The one on Susie's page is Sparkle who I co-own with Susie. These two puppies are also from Susie but they are not on her website. I do have 6 right now but I will only be keeping one of these pups. The other will go to a show home if she stays show quality.

So tough to pick


----------



## Brinkley & Neyland's Mom (Jun 14, 2004)

OMG! They are beautiful!!!
Two more on my list to dog nap!!! (and they are GIRLS!







)
Congrats. I don't have any name suggestions. I can't stop looking at their pictures!!!!


----------



## dooly (Nov 12, 2004)

you are so lucky!!! they're adorable. i want to take them both home with me!!! ahhh i think lilo and stitch need another sister!!


----------



## k/c mom (Oct 9, 2004)

They are too cute for words. Wow!







Wow!







Wow!


----------



## mimi2 (Mar 29, 2005)

They are just adorable, I want them!!














Ruby need's a little sister!!


----------



## Littlemans Mom (Apr 6, 2005)

Totally adorable







I want a little one for Indy to play with now


----------



## abbey (Apr 4, 2005)

They are both so beautiful and sweet!!







I'm not great with names but can't wait to see what you come up with. Congratulations!


----------



## hambys97 (Feb 25, 2005)

Does anyone else think the people who have so many need to stop being so stingy, and just send their extras to some of us who only have one...

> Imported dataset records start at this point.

lemma geometric_progression_Nats:
  fixes r s :: "'a::linordered_idom"
  assumes "1 \<le> q" and "0 \<le> s"
    and tail: "\<And>n. m \<le> n \<Longrightarrow> r + s * of_nat q ^ n \<in> \<nat>"
    and start: "r + s * of_nat q ^ n0 \<in> \<nat>" and "n0 \<le> n"
  shows "r + s * of_nat q ^ n \<in> \<nat>"
proof -
  define N where "N j = r + s * of_nat q ^ j" for j
  have N_Suc: "N (Suc j) = of_nat q * N j - (of_nat q - 1) * r" for j
    by (simp add: N_def algebra_simps)
  have "(of_nat q - 1) * r = of_nat q * N m - N (Suc m)" by (simp add: N_Suc)
  also have "\<dots> \<in> \<int>"
    using tail[of m] tail[of "Suc m"] Nats_subset_Ints by (intro Ints_diff Ints_mult) (auto simp: N_def)
  finally have "(of_nat q - 1) * r \<in> \<int>" .
  have "N n \<in> \<int>" using \<open>n0 \<le> n\<close>
  proof (induction n rule: dec_induct)
    case base
    then show ?case using start Nats_subset_Ints by (auto simp: N_def)
  next
    case (step j)
    then show ?case using \<open>(of_nat q - 1) * r \<in> \<int>\<close> by (simp add: N_Suc)
  qed
  have "0 \<le> N n0" using start by (auto simp: N_def elim!: Nats_cases)
  then have "0 \<le> N n"
    using geometric_progression_mono[OF assms(1,2) \<open>n0 \<le> n\<close>] by (simp add: N_def)
  with \<open>N n \<in> \<int>\<close> show ?thesis by (simp add: Nats_altdef2 N_def)
qed

lemma geometric_progression_repunit_steps:
  fixes r s :: "'a::linordered_idom" and \<nu> :: "nat \<Rightarrow> nat"
  assumes "1 \<le> q" and "0 \<le> s"
    and \<nu>: "\<And>j. n0 \<le> j \<Longrightarrow> r + s * of_nat q ^ j = of_nat (\<nu> j)" and "n0 \<le> j"
  shows "\<exists>T. \<forall>i. \<nu> (j + i) = \<nu> j + T * repunit q i"
proof (intro exI allI)
  fix i
  have \<nu>_j: "of_nat (\<nu> j) = r + s * of_nat q ^ j"
    and \<nu>_Suc_j: "of_nat (\<nu> (Suc j)) = r + s * of_nat q ^ Suc j"
    and \<nu>_j_i: "of_nat (\<nu> (j + i)) = r + s * of_nat q ^ (j + i)"
    using \<nu>[of j] \<nu>[of "Suc j"] \<nu>[of "j + i"] \<open>n0 \<le> j\<close> by simp_all
  have "\<nu> j \<le> \<nu> (Suc j)"
    using geometric_progression_mono[OF assms(1,2), of j "Suc j" r]
    unfolding of_nat_le_iff[where 'a = 'a, symmetric] \<nu>_j \<nu>_Suc_j by simp
  have "(of_nat (\<nu> (j + i)) :: 'a)
      = (r + s * of_nat q ^ j) + s * of_nat q ^ j * (of_nat (repunit q i) * (of_nat q - 1))"
    unfolding \<nu>_j_i of_nat_repunit_mult by (simp add: power_add algebra_simps)
  also have "\<dots> = of_nat (\<nu> j) + (of_nat (\<nu> (Suc j)) - of_nat (\<nu> j)) * of_nat (repunit q i)"
    unfolding \<nu>_j \<nu>_Suc_j by (simp add: algebra_simps)
  also have "\<dots> = of_nat (\<nu> j + (\<nu> (Suc j) - \<nu> j) * repunit q i)"
    using \<open>\<nu> j \<le> \<nu> (Suc j)\<close> by simp
  finally show "\<nu> (j + i) = \<nu> j + (\<nu> (Suc j) - \<nu> j) * repunit q i"
    by (simp only: of_nat_eq_iff)
qed

theorem lemma8p1:
  fixes a :: "nat \<Rightarrow> 'k::field" and q k m :: nat and r s :: rat
  assumes "CHAR('k) > 0"
    and "is_recurrence a" and "simple_rec a" and "nondegenerate_rec a"
    and "k \<ge> 1" and "q = CHAR('k) ^ k"
    and "{r + s * of_nat q ^ n | n. n \<ge> m} \<subseteq> of_nat ` zero_set a"
  shows "{r + s * of_nat q ^ n | n. True} \<inter> \<nat> \<subseteq> of_nat ` zero_set a"
proof
  fix x assume "x \<in> {r + s * of_nat q ^ n | n. True} \<inter> \<nat>"
  then obtain n0 where x: "x = r + s * of_nat q ^ n0" "x \<in> \<nat>" by blast
  have tail: "r + s * of_nat q ^ n \<in> of_nat ` zero_set a" if "m \<le> n" for n
    using assms(7) that by blast
  have "prime CHAR('k)" using assms(1) by (rule prime_CHAR_semidom)
  then have "2 \<le> CHAR('k) ^ 1" by (simp add: prime_ge_2_nat)
  also have "\<dots> \<le> q" unfolding assms(6) using assms(1,5) by (intro power_increasing) simp_all
  finally have "2 \<le> q" .
  have "0 \<le> s"
    using \<open>2 \<le> q\<close> by (rule geometric_progression_coeff_nonneg[where m = m and r = r])
      (use tail in fastforce)
  have "r + s * of_nat q ^ j \<in> \<nat>" if "n0 \<le> j" for j
  proof (rule geometric_progression_Nats[OF _ \<open>0 \<le> s\<close>])
    show "r + s * of_nat q ^ n \<in> \<nat>" if "m \<le> n" for n using tail[OF that] by auto
  qed (use \<open>2 \<le> q\<close> x that in auto)
  then have "\<forall>j. \<exists>z. n0 \<le> j \<longrightarrow> r + s * of_nat q ^ j = of_nat z"
    by (meson Nats_cases)
  then obtain \<nu> where \<nu>: "\<And>j. n0 \<le> j \<Longrightarrow> r + s * of_nat q ^ j = of_nat (\<nu> j)"
    by metis
  have "a (\<nu> n0) = 0"
  proof (rule simple_recurrence_zeros_descend[OF assms(1,6,2,3), where \<nu> = \<nu> and m = "max m n0"])
    (* of nondegeneracy only the nonvanishing of the roots is needed *)
    show "poly (map_poly to_ac (min_poly a)) 0 \<noteq> 0"
      using assms(4) by (auto simp: nondegenerate_rec_def)
    show "\<exists>T. \<forall>i. \<nu> (j + i) = \<nu> j + T * repunit q i" if "n0 \<le> j" for j
      using geometric_progression_repunit_steps[OF _ \<open>0 \<le> s\<close> \<nu> that] \<open>2 \<le> q\<close> by simp
    show "a (\<nu> j) = 0" if j: "max m n0 \<le> j" for j
    proof -
      obtain z where "a z = 0" "r + s * of_nat q ^ j = of_nat z"
        using tail[of j] j by (auto simp: zero_set_def)
      then show ?thesis using \<nu>[of j] j by simp
    qed
  qed
  then show "x \<in> of_nat ` zero_set a" using x \<nu> by (auto simp: zero_set_def)
qed

end
definition even_subgroup :: "((nat \<Rightarrow> 'e) \<Rightarrow> nat \<Rightarrow> 'e) set" where
  "even_subgroup = {g \<in> carrier FG. \<forall>\<^sub>F m in sequentially. \<forall>w. evenperm (path_action g m w)}"

lemma square_in_even_subgroup:
  assumes "group FG" "g \<in> carrier FG"
  shows "g \<circ> g \<in> even_subgroup"
proof -
  from eventually_evenperm_mult[OF assms(2) assms(2)]
  have "\<forall>\<^sub>F m in sequentially. \<forall>w. evenperm (path_action (g \<circ> g) m w)"
    by eventually_elim simp
  then show ?thesis
    using group.is_monoid[OF assms(1)] monoid.m_closed assms(2)
    by (fastforce simp: even_subgroup_def mult_fullgroup)
qed

lemma eventually_evenperm_inv:
  assumes grp: "group FG" and a: "a \<in> carrier FG"
  shows "\<forall>\<^sub>F m in sequentially. \<forall>w.
           evenperm (path_action (inv\<^bsub>FG\<^esub> a) m w) \<longleftrightarrow> evenperm (path_action a m w)"
proof -
  have inverse: "a \<circ> inv\<^bsub>FG\<^esub> a = id"
    using group.r_inv[OF grp a] by (simp add: mult_fullgroup one_fullgroup)
  from eventually_evenperm_mult[OF a group.inv_closed[OF grp a]] eventually_gt_at_top[of 0]
  show ?thesis
    by eventually_elim (auto simp: inverse path_action_id)
qed

lemma even_subgroup_normal:
  assumes grp: "group FG"
  shows "even_subgroup \<lhd> FG"
proof -
  interpret FG: group FG by (rule grp)
  note inv = eventually_evenperm_inv[OF grp]
  have "subgroup even_subgroup FG"
  proof (rule FG.subgroupI)
    show "even_subgroup \<subseteq> carrier FG"
      by (auto simp: even_subgroup_def)
    have "\<forall>\<^sub>F m in sequentially. \<forall>w. evenperm (path_action id m w)"
      using eventually_gt_at_top[of 0] by eventually_elim (simp add: path_action_id)
    then have "id \<in> even_subgroup"
      using FG.one_closed by (simp add: even_subgroup_def one_fullgroup)
    then show "even_subgroup \<noteq> {}"
      by blast
  next
    fix a
    assume "a \<in> even_subgroup"
    then have a: "a \<in> carrier FG" "\<forall>\<^sub>F m in sequentially. \<forall>w. evenperm (path_action a m w)"
      by (simp_all add: even_subgroup_def)
    from inv[OF a(1)] a(2) have "\<forall>\<^sub>F m in sequentially. \<forall>w. evenperm (path_action (inv\<^bsub>FG\<^esub> a) m w)"
      by eventually_elim simp
    then show "inv\<^bsub>FG\<^esub> a \<in> even_subgroup"
      using FG.inv_closed[OF a(1)] by (simp add: even_subgroup_def)
  next
    fix a b
    assume "a \<in> even_subgroup" "b \<in> even_subgroup"
    then have a: "a \<in> carrier FG" "\<forall>\<^sub>F m in sequentially. \<forall>w. evenperm (path_action a m w)"
      and b: "b \<in> carrier FG" "\<forall>\<^sub>F m in sequentially. \<forall>w. evenperm (path_action b m w)"
      by (simp_all add: even_subgroup_def)
    from eventually_evenperm_mult[OF a(1) b(1)] a(2) b(2)
    have "\<forall>\<^sub>F m in sequentially. \<forall>w. evenperm (path_action (a \<circ> b) m w)"
      by eventually_elim simp
    then show "a \<otimes>\<^bsub>FG\<^esub> b \<in> even_subgroup"
      using FG.m_closed[OF a(1) b(1)] by (simp add: even_subgroup_def mult_fullgroup)
  qed
  moreover have "x \<otimes>\<^bsub>FG\<^esub> h \<otimes>\<^bsub>FG\<^esub> inv\<^bsub>FG\<^esub> x \<in> even_subgroup"
    if x: "x \<in> carrier FG" and "h \<in> even_subgroup" for x h
  proof -
    have h: "h \<in> carrier FG" "\<forall>\<^sub>F m in sequentially. \<forall>w. evenperm (path_action h m w)"
      using \<open>h \<in> even_subgroup\<close> by (simp_all add: even_subgroup_def)
    have xh: "x \<circ> h \<in> carrier FG"
      using FG.m_closed[OF x h(1)] by (simp add: mult_fullgroup)
    from eventually_evenperm_mult[OF xh FG.inv_closed[OF x]] eventually_evenperm_mult[OF x h(1)]
      inv[OF x] h(2)
    have "\<forall>\<^sub>F m in sequentially. \<forall>w. evenperm (path_action (x \<circ> h \<circ> inv\<^bsub>FG\<^esub> x) m w)"
      by eventually_elim simp
    then show ?thesis
      using FG.m_closed[OF xh FG.inv_closed[OF x]] by (simp add: even_subgroup_def mult_fullgroup)
  qed
  ultimately show ?thesis
    by (simp add: FG.normal_inv_iff)
qed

They are so beautiful, I'm jealous!







Don't tell Frosty though.


----------



## Pippinsmom (Nov 29, 2004)

Congratulations! I know you have been waiting a long time for these girls, and they are both absolutely gorgeous! I have no name suggestions, but I am soo excited for you...I don't know how I would be able to pick!


----------



## danah (Jan 8, 2005)

Awww the are beautiful!!







I want them both!!!!!!


----------



## saltymalty (Sep 14, 2004)

Are they both from the same litter? How about Lucy and Ethel? They both look like they have some 'splainin to do.


----------



## lethalfire (Sep 7, 2005)

Awww they look like they are hugging and yet still posing for the camera
in that one picture. Are you sure you can split them up? They are just
adorable.

As for the names maybe if you tell us a little about their personalities we
could help ya. I don't know why but Gabrielle and Gabby for short came to
mind right away, is one of them vocal??


----------



## LexiAndNikkisMom (Apr 13, 2004)

OMG! They are adorable!


----------



## Chelsey (Dec 17, 2004)

They are absolutely gorgeous! and Breath taking. I always say to my husband if we get a property with lots of land we will have more puppies. These two would be on my list they make my heart melt


----------



## Teddyandme (Feb 6, 2005)

Oh my word....I was smiling looking at them until I came to the one with the tongue hanging out...at which time I busted up with laughter....too and I do mean too cute.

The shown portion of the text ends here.